#### TASK STATEMENT
From the entries below, copy every line where the string "that" appears.

Top of THE INPUT

lemma card_mset_splits_le: "card (mset_splits n M) \<le> n ^ size M"
proof (induction M)
  case empty then show ?case by (simp add: mset_splits_empty)
next
  case (add a M)
  have "card (mset_splits n (add_mset a M)) \<le>
        card ((\<lambda>(ts, i). ts[i := add_mset a (ts ! i)]) ` (mset_splits n M \<times> {..<n}))"
    by (intro card_mono finite_imageI mset_splits_add_mset_subset)
       (simp add: finite_mset_splits)
  also have "\<dots> \<le> card (mset_splits n M) * n"
    using card_image_le[of "mset_splits n M \<times> {..<n}"]
    by (simp add: finite_mset_splits card_cartesian_product)
  also have "\<dots> \<le> n ^ size (add_mset a M)"
    using add by simp
  finally show ?case .
qed

definition encodings :: "('a \<Rightarrow> 'c pmf) \<Rightarrow> 'a list \<Rightarrow> 'c list set" where
  "encodings E x = {us. list_all2 (\<lambda>a u. u \<in> set_pmf (E a)) x us}"

lemma set_pmf_concat_enc_subset: "set_pmf (concat_enc E x) \<subseteq> concat ` encodings E x"
proof (induction x)
  case Nil then show ?case by (simp add: encodings_def)
next
  case (Cons a x)
  show ?case
  proof
    fix ys assume "ys \<in> set_pmf (concat_enc E (a # x))"
    then obtain u v where u: "u \<in> set_pmf (E a)" and "v \<in> set_pmf (concat_enc E x)"
      and "ys = u @ v"
      by auto
    with Cons.IH obtain us where "us \<in> encodings E x" "ys = concat (u # us)"
      by auto
    with u show "ys \<in> concat ` encodings E (a # x)"
      by (intro rev_image_eqI[of "u # us"]) (simp_all add: encodings_def)
  qed
qed

lemma mset_in_set_pmf_shuffled:
  assumes "y \<in> set_pmf (shuffled E x)"
  shows "\<exists>us \<in> encodings E x. mset y = mset (concat us)"
proof -
  obtain ys \<pi> where ys: "ys \<in> set_pmf (concat_enc E x)"
    and \<pi>: "\<pi> \<in> set_pmf (pmf_of_set {\<pi>. \<pi> permutes {..<length ys}})"
    and y: "y = permute_list \<pi> ys"
    using assms unfolding shuffled_def by auto
  have "{\<pi>. \<pi> permutes {..<length ys}} \<noteq> {}"
    using permutes_id by blast
  then have "\<pi> permutes {..<length ys}"
    using \<pi> by (simp add: finite_permutations)
  then have "mset y = mset ys"
    using y by simp
  moreover obtain us where "us \<in> encodings E x" "ys = concat us"
    using set_pmf_concat_enc_subset ys by blast
  ultimately show ?thesis
    by auto
qed

lemma aggregation_protocol_length_concat:
  assumes "aggregation_protocol n m l Enc A" and "us \<in> encodings Enc x"
  shows "length (concat us) = length x * m"
proof -
  have "length u = m" if "u \<in> set_pmf (Enc a)" for a u
    using assms(1) that by (simp add: aggregation_protocol_def)
  then have "\<forall>u \<in> set us. length u = m"
    using assms(2) by (fastforce simp: encodings_def list_all2_conv_all_nth in_set_conv_nth)
  then have "length (concat us) = length us * m"
    by (induction us) auto
  then show ?thesis
    using assms(2) by (simp add: encodings_def list_all2_lengthD)
qed

lemma aggregation_protocol_sum_list_eq:
  assumes P: "aggregation_protocol n m l Enc A"
    and "length x = n" "length z = n"
    and us: "us \<in> encodings Enc x" and vs: "vs \<in> encodings Enc z"
    and eq: "mset (concat us) = mset (concat vs)"
  shows "sum_list x = sum_list z"
proof -
  have correct: "A (permute_list \<pi> (concat ws)) = sum_list w"
    if "length w = n" "ws \<in> encodings Enc w" "\<pi> permutes {..<n * m}" for w ws \<pi>
    using P that by (auto simp: aggregation_protocol_def encodings_def list_all2_conv_all_nth)
  obtain \<pi> where \<pi>: "\<pi> permutes {..<length (concat vs)}" "permute_list \<pi> (concat vs) = concat us"
    using mset_eq_permutation[OF eq] by blast
  have "length (concat vs) = n * m"
    using aggregation_protocol_length_concat[OF P vs] \<open>length z = n\<close> by simp
  then have "sum_list z = A (permute_list \<pi> (concat vs))"
    using correct[OF \<open>length z = n\<close> vs] \<pi>(1) by simp
  also have "\<dots> = A (permute_list id (concat us))"
    using \<pi>(2) by simp
  also have "\<dots> = sum_list x"
    using correct[OF \<open>length x = n\<close> us permutes_id] by simp
  finally show ?thesis by simp
qed

lemma aggregation_protocol_input_determined:
  assumes P: "aggregation_protocol n m l Enc A"
    and x: "length x = n" and x': "length x' = n"
    and us: "us \<in> encodings Enc x" and us': "us' \<in> encodings Enc x'"
    and eq: "map mset us = map mset us'"
  shows "x = x'"
proof (rule nth_equalityI)
  show "length x = length x'"
    using x x' by simp
next
  fix i assume "i < length x"
  define z where "z = x[i := x' ! i]"
  define vs where "vs = us[i := us' ! i]"
  have lengths: "length us = n" "length us' = n"
    using us us' x x' by (auto simp: encodings_def list_all2_lengthD)
  have "vs \<in> encodings Enc z"
    using us us' \<open>i < length x\<close> x x' unfolding vs_def z_def encodings_def
    by (auto simp: list_all2_conv_all_nth nth_list_update)
  moreover have "map mset vs = map mset us"
    using eq \<open>i < length x\<close> x lengths unfolding vs_def
    by (metis list_update_id map_update nth_map)
  then have "mset (concat us) = mset (concat vs)"
    by (simp add: mset_concat)
  ultimately have "sum_list x = sum_list z"
    using aggregation_protocol_sum_list_eq[OF P x _ us] x by (simp add: z_def)
  moreover have "sum_list z + x ! i = sum_list x + x' ! i"
    unfolding z_def using \<open>i < length x\<close> by (rule sum_list_list_update_add)
  ultimately show "x ! i = x' ! i"
    by simp
qed

lemma card_inputs_with_output_le:
  assumes P: "aggregation_protocol n m l Enc A"
  shows "card {x. length x = n \<and> y \<in> set_pmf (shuffled Enc x)} \<le> n ^ length y"
proof -
  let ?S = "{x. length x = n \<and> y \<in> set_pmf (shuffled Enc x)}"
  have "\<forall>x \<in> ?S. \<exists>us. us \<in> encodings Enc x \<and> mset y = mset (concat us)"
    using mset_in_set_pmf_shuffled by blast
  then obtain U where U: "\<And>x. x \<in> ?S \<Longrightarrow> U x \<in> encodings Enc x \<and> mset y = mset (concat (U x))"
    by metis
  have "map mset (U x) \<in> mset_splits n (mset y)" if "x \<in> ?S" for x
    using U[OF that] that by (auto simp: mset_splits_def encodings_def mset_concat list_all2_lengthD)
  moreover have "inj_on (\<lambda>x. map mset (U x)) ?S"
    using aggregation_protocol_input_determined[OF P] U by (intro inj_onI) blast
  ultimately have "card ?S \<le> card (mset_splits n (mset y))"
    by (intro card_inj_on_le) (auto simp: finite_mset_splits)
  also have "\<dots> \<le> n ^ length y"
    using card_mset_splits_le[of n "mset y"] by simp
  finally show ?thesis .
qed

lemma finite_B_set: "finite (B_set n s)"
  by (rule finite_subset[OF _ finite_lists_length_eq[of UNIV n]]) (auto simp: B_set_def)

lemma card_B_set_ge:
  fixes s :: "'a::{finite,field}"
  assumes "n \<ge> 1"
  shows "CARD('a) ^ (n - 1) \<le> card (B_set n s)"
proof -
  let ?L = "{zs. set zs \<subseteq> (UNIV :: 'a set) \<and> length zs = n - 1}"
  let ?complete = "\<lambda>zs. zs @ [s - sum_list zs]"
  have "inj_on ?complete ?L" and "?complete ` ?L \<subseteq> B_set n s"
    using assms by (auto simp: inj_on_def B_set_def)
  then have "card ?L \<le> card (B_set n s)"
    by (intro card_inj_on_le finite_B_set)
  then show ?thesis
    using card_lists_length_eq[of "UNIV :: 'a set" "n - 1"] by simp
qed

lemma sum_abs_diff_ge_card_zeros:
  fixes P :: "'b \<Rightarrow> real"
  assumes "finite B" and nonneg: "\<And>x. x \<in> B \<Longrightarrow> 0 \<le> P x"
  shows "2 * card {x \<in> B. P x = 0} * (\<Sum>x\<in>B. P x) \<le> (\<Sum>x\<in>B. \<Sum>x'\<in>B. \<bar>P x - P x'\<bar>)"
proof -
  define Z where "Z = {x \<in> B. P x = 0}"
  define p where "p = (\<Sum>x\<in>B. P x)"
  have "Z \<subseteq> B"
    by (auto simp: Z_def)
  have p: "p = (\<Sum>x\<in>B - Z. P x)"
    unfolding p_def by (rule sum.mono_neutral_right) (auto simp: Z_def \<open>finite B\<close>)
  have "(\<Sum>x\<in>B. \<Sum>x'\<in>B. \<bar>P x - P x'\<bar>) =
        (\<Sum>x\<in>B - Z. \<Sum>x'\<in>B. \<bar>P x - P x'\<bar>) + (\<Sum>x\<in>Z. \<Sum>x'\<in>B. \<bar>P x - P x'\<bar>)"
    using sum.subset_diff[OF \<open>Z \<subseteq> B\<close> \<open>finite B\<close>] by simp
  also have "\<dots> \<ge> (\<Sum>x\<in>B - Z. \<Sum>x'\<in>Z. \<bar>P x - P x'\<bar>) + (\<Sum>x\<in>Z. \<Sum>x'\<in>B - Z. \<bar>P x - P x'\<bar>)"
    using \<open>finite B\<close> \<open>Z \<subseteq> B\<close>
    by (intro add_mono sum_mono sum_mono2) auto
  also have "(\<Sum>x\<in>B - Z. \<Sum>x'\<in>Z. \<bar>P x - P x'\<bar>) = card Z * p"
    using nonneg by (simp add: p Z_def sum_distrib_left)
  also have "(\<Sum>x\<in>Z. \<Sum>x'\<in>B - Z. \<bar>P x - P x'\<bar>) = card Z * p"
    using nonneg by (simp add: p Z_def)
  finally show ?thesis
    by (simp add: Z_def p_def mult_ac)
qed

lemma card_B_set_outside_support_ge:
  fixes s :: "'a::{finite,field}"
  assumes "n \<ge> 1" and P: "aggregation_protocol n m l Enc A"
  shows "real CARD('a) ^ (n - 1) - real n ^ length y
           \<le> card {x \<in> B_set n s. pmf (shuffled Enc x) y = 0}"
proof -
  let ?Z = "{x \<in> B_set n s. pmf (shuffled Enc x) y = 0}"
  let ?N = "{x \<in> B_set n s. pmf (shuffled Enc x) y \<noteq> 0}"
  have "?N \<subseteq> {x. length x = n \<and> y \<in> set_pmf (shuffled Enc x)}"
    by (auto simp: B_set_def set_pmf_iff)
  moreover have "finite {x. length x = n \<and> y \<in> set_pmf (shuffled Enc x)}"
    by (rule finite_subset[OF _ finite_lists_length_eq[of UNIV n]]) auto
  ultimately have "card ?N \<le> card {x. length x = n \<and> y \<in> set_pmf (shuffled Enc x)}"
    by (simp add: card_mono)
  also have "\<dots> \<le> n ^ length y"
    by (rule card_inputs_with_output_le[OF P])
  finally have "card ?N \<le> n ^ length y" .
  moreover have "card (B_set n s) = card ?Z + card ?N"
  proof -
    have "card (B_set n s) = card (?Z \<union> ?N)"
      by (rule arg_cong[where f = card]) auto
    also have "\<dots> = card ?Z + card ?N"
      using finite_B_set[of n s] by (intro card_Un_disjoint) auto
    finally show ?thesis .
  qed
  moreover have "CARD('a) ^ (n - 1) \<le> card (B_set n s)"
    using card_B_set_ge[OF \<open>n \<ge> 1\<close>] .
  ultimately have "CARD('a) ^ (n - 1) \<le> card ?Z + n ^ length y"
    by linarith
  then show ?thesis
    by (simp add: algebra_simps flip: of_nat_add of_nat_power of_nat_le_iff)
qed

Bottom of THE INPUT

#### WRITTEN ANSWER
    using assms(1) that by (simp add: aggregation_protocol_def)
    using P that by (auto simp: aggregation_protocol_def encodings_def list_all2_conv_all_nth)
    using U[OF that] that by (auto simp: mset_splits_def encodings_def mset_concat list_all2_lengthD)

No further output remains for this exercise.